Теперь настала моя очередь недоговаривать, и все из-за недавних воспоминаний, вернувшихся, чтобы повергнуть меня в печаль. Я увидела свою мать, уходившую от меня в тот последний день. «Мамочка, позволь мне обнять тебя!» Кладбище в день ее похорон. Кладбище Святого Иосифа, заполненное маленькими могилами, – место последнего упокоения бедняков ирландцев и бедняков немцев. Повсюду горы цветов. А я смотрю в небо и думаю, что это никогда-никогда не изменится, что эта боль никогда не пройдет, что в этом мире никогда больше не будет света.

Я встряхнулась, отогнав от себя мрачные мысли, и подняла на него глаза.

Он внимательно изучал меня и, казалось, сам страдал от боли. Меня это взволновало. Я снова попыталась ухватить самое главное, отбросив все остальное в сторону, оставив лишь то, что нужно было осознать и постараться выразить.

– Думаю, теперь мне понятно, – сказала я, чувствуя волну облегчения. Волну любви. – Вот ты зато ничего не понимаешь. А жаль.

Я забыла об осторожности. Думала только о том, что пыталась постичь, а не о том, чтобы кому-то досадить или доставить удовольствие. Мне хотелось только достучаться до него, чтобы он понял и принял это.

– Так просвети же меня, – насмешливо сказал он.

Ужасная боль накрыла меня с головой – слишком огромная и всепоглощающая, чтобы быть пронзительной. Она полностью завладела мною. Я взглянула на него в мольбе и разомкнула губы, собираясь заговорить, признаться, попробовать вместе с ним найти определение этой боли и высказать его вслух. Но как охарактеризовать эту боль, это чувство ответственности, осознанный факт, что кто-то в этом мире стал причиной ненужных горестей и разрушения и уже ничего нельзя переделать – нет, никогда не переделать; мгновения навсегда потеряны, они остались только в памяти, искаженные и болезненные, и тем не менее есть что-то гораздо более тонкое, гораздо более значительное, что-то подавляющее и запутанное, о чем мы оба знаем – он и я… Он исчез.

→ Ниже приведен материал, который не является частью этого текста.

lemma mse_tendsto: "(\<lambda>n. n * loss_mse Proj p V n) \<longlonglongrightarrow> (\<Sum>k\<in>UNIV. score_var p V k)"
  unfolding loss_mse_def expected_loss_eq_seq_expect
proof (rule loss_tendsto[OF p_min_pos order_refl, where \<Phi> = "\<lambda>n ys. \<Sum>k\<in>UNIV. (dev k n ys)^2"])
  fix n :: nat and ys :: "'k list" assume n: "n > 0" and ys: "length ys = n"
  then show "\<forall>k. \<bar>dev k n ys\<bar> \<le> p_min \<Longrightarrow>
      \<bar>(\<Sum>k\<in>UNIV. (p_hat Proj V ys $ k - p$k)^2) - (\<Sum>k\<in>UNIV. (dev k n ys)^2)\<bar>
        \<le> 0 * (\<Sum>k\<in>UNIV. \<bar>dev k n ys\<bar>^3)"
    by (simp add: p_hat_eq)
  have "(\<Sum>k\<in>UNIV. (p_hat Proj V ys $ k - p$k)^2) \<le> (\<Sum>k\<in>(UNIV::'k set). 1)"
    using abs_p_hat_diff_le_1[of ys] n ys by (intro sum_mono) (auto simp: abs_square_le_1)
  moreover have "(\<Sum>k\<in>UNIV. (dev k n ys)^2) \<le> (\<Sum>k\<in>(UNIV::'k set). score_bound^2)"
    using abs_dev_le[OF ys n] by (intro sum_mono) (metis abs_ge_zero power2_abs power_mono)
  moreover have "0 \<le> (\<Sum>k\<in>UNIV. (p_hat Proj V ys $ k - p$k)^2)" "0 \<le> (\<Sum>k\<in>UNIV. (dev k n ys)^2)"
    by (auto intro: sum_nonneg)
  ultimately show "\<bar>(\<Sum>k\<in>UNIV. (p_hat Proj V ys $ k - p$k)^2) - (\<Sum>k\<in>UNIV. (dev k n ys)^2)\<bar>
      \<le> CARD('k) + CARD('k) * score_bound^2"
    by simp
next
  show "(\<lambda>n. n * seq_expect q n (\<lambda>ys. \<Sum>k\<in>UNIV. (dev k n ys)^2)) \<longlonglongrightarrow> (\<Sum>k\<in>UNIV. score_var p V k)"
    by (rule seq_expect_eventually_const) (simp add: seq_expect_sum expect_dev_sq sum_distrib_left)
qed (auto intro: remainder_bound_tendsto)

lemma tv_tendsto:
  "(\<lambda>n. sqrt n * loss_tv Proj p V n) \<longlonglongrightarrow> sqrt (2 / pi) * (\<Sum>k\<in>UNIV. sqrt (score_var p V k))"
  unfolding loss_tv_def expected_loss_eq_seq_expect
proof (rule loss_tendsto[OF p_min_pos order_refl, where \<Phi> = "\<lambda>n ys. \<Sum>k\<in>UNIV. \<bar>dev k n ys\<bar>"])
  fix n :: nat and ys :: "'k list" assume n: "n > 0" and ys: "length ys = n"
  then show "\<forall>k. \<bar>dev k n ys\<bar> \<le> p_min \<Longrightarrow>
      \<bar>(\<Sum>k\<in>UNIV. \<bar>p_hat Proj V ys $ k - p$k\<bar>) - (\<Sum>k\<in>UNIV. \<bar>dev k n ys\<bar>)\<bar>
        \<le> 0 * (\<Sum>k\<in>UNIV. \<bar>dev k n ys\<bar>^3)"
    by (simp add: p_hat_eq)
  have "(\<Sum>k\<in>UNIV. \<bar>p_hat Proj V ys $ k - p$k\<bar>) \<le> CARD('k)"
    using sum_mono[of UNIV "\<lambda>k. \<bar>p_hat Proj V ys $ k - p$k\<bar>" "\<lambda>_. 1"] abs_p_hat_diff_le_1[of ys]
      n ys
    by auto
  moreover have "(\<Sum>k\<in>UNIV. \<bar>dev k n ys\<bar>) \<le> CARD('k) * score_bound"
    using sum_mono[of UNIV "\<lambda>k. \<bar>dev k n ys\<bar>" "\<lambda>_. score_bound"] abs_dev_le[OF ys n] by auto
  moreover have "0 \<le> (\<Sum>k\<in>UNIV. \<bar>p_hat Proj V ys $ k - p$k\<bar>)" "0 \<le> (\<Sum>k\<in>UNIV. \<bar>dev k n ys\<bar>)"
    and "0 \<le> real CARD('k)"
    by (auto intro: sum_nonneg)
  ultimately show "\<bar>(\<Sum>k\<in>UNIV. \<bar>p_hat Proj V ys $ k - p$k\<bar>) - (\<Sum>k\<in>UNIV. \<bar>dev k n ys\<bar>)\<bar>
      \<le> CARD('k) + CARD('k) * score_bound"
    unfolding abs_diff_le_iff by linarith
next
  have "(\<lambda>n. \<Sum>k\<in>UNIV. seq_expect q n (\<lambda>ys. \<bar>\<Sum>y\<leftarrow>ys. score p V k y\<bar>) / sqrt n)
      \<longlonglongrightarrow> (\<Sum>k\<in>UNIV. sqrt (2 / pi) * sqrt (score_var p V k))"
    using centered_law.expect_abs_sum_tendsto[OF centered_law]
    by (intro tendsto_sum) (simp add: sigma2_score[OF V_stochastic V_invertible p_prob p_pos])
  moreover have "sqrt n * seq_expect q n (\<lambda>ys. \<Sum>k\<in>UNIV. \<bar>dev k n ys\<bar>) =
      (\<Sum>k\<in>UNIV. seq_expect q n (\<lambda>ys. \<bar>\<Sum>y\<leftarrow>ys. score p V k y\<bar>) / sqrt n)" for n
  proof -
    have "sqrt n * seq_expect q n (\<lambda>ys. \<bar>dev k n ys\<bar>) =
        seq_expect q n (\<lambda>ys. \<bar>\<Sum>y\<leftarrow>ys. score p V k y\<bar>) / sqrt n" for k
      by (cases "n = 0") (simp_all add: dev_def abs_div seq_expect_divide field_simps)
    then show ?thesis by (simp add: seq_expect_sum sum_distrib_left)
  qed
  ultimately show "(\<lambda>n. sqrt n * seq_expect q n (\<lambda>ys. \<Sum>k\<in>UNIV. \<bar>dev k n ys\<bar>))
      \<longlonglongrightarrow> sqrt (2 / pi) * (\<Sum>k\<in>UNIV. sqrt (score_var p V k))"
    by (simp add: sum_distrib_left)
qed (auto intro: remainder_bound_sqrt_tendsto simp: score_bound_nonneg)

lemma p_hat_div_mem:
  assumes "ys \<noteq> []"
  shows "p_hat Proj V ys $ k / p$k \<in> {0..1 / p_min}"
proof -
  have ph: "0 \<le> p_hat Proj V ys $ k" "p_hat Proj V ys $ k \<le> 1"
    using prob_vec_p_hat[OF assms] prob_vec_le_1 unfolding prob_vec_def by auto
  have "p_hat Proj V ys $ k / p$k \<le> 1 / p$k"
    using ph p_gt_0[of k] by (intro divide_right_mono) auto
  also have "\<dots> \<le> 1 / p_min"
    using p_min_pos p_min_le[of k] by (intro divide_left_mono) auto
  finally show ?thesis using ph p_gt_0[of k] by auto
qed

Пропал внезапно, без следа, и проделал это с улыбкой, оставив меня натянутой как струна. Какое коварство – покинуть меня сейчас, в мгновение ужасной боли и, что еще хуже, наедине с нестерпимой потребностью хоть с кем-нибудь разделить эту боль!

Я обратила свой взор на тени. Передо окном мягко покачивались деревья. То и дело принимался моросить редкий дождик.

Он исчез.

– Мне ясна твоя игра, – тихо произнесла я. – Я ее поняла.

Подойдя к кровати, я сунула руку под подушку и вытащила четки. Хрустальные четки с серебряным крестиком. Они оказались в кровати, потому что в ней всегда спала мать Карла, когда приезжала, а еще, после того как мы с Карлом поженились, здесь спала во время своих визитов моя любимая крестная, тетушка Бриджит. А может быть, четки лежали под подушкой потому, что были моими и я сама по рассеянности сунула их туда. Мои четки. С первого причастия.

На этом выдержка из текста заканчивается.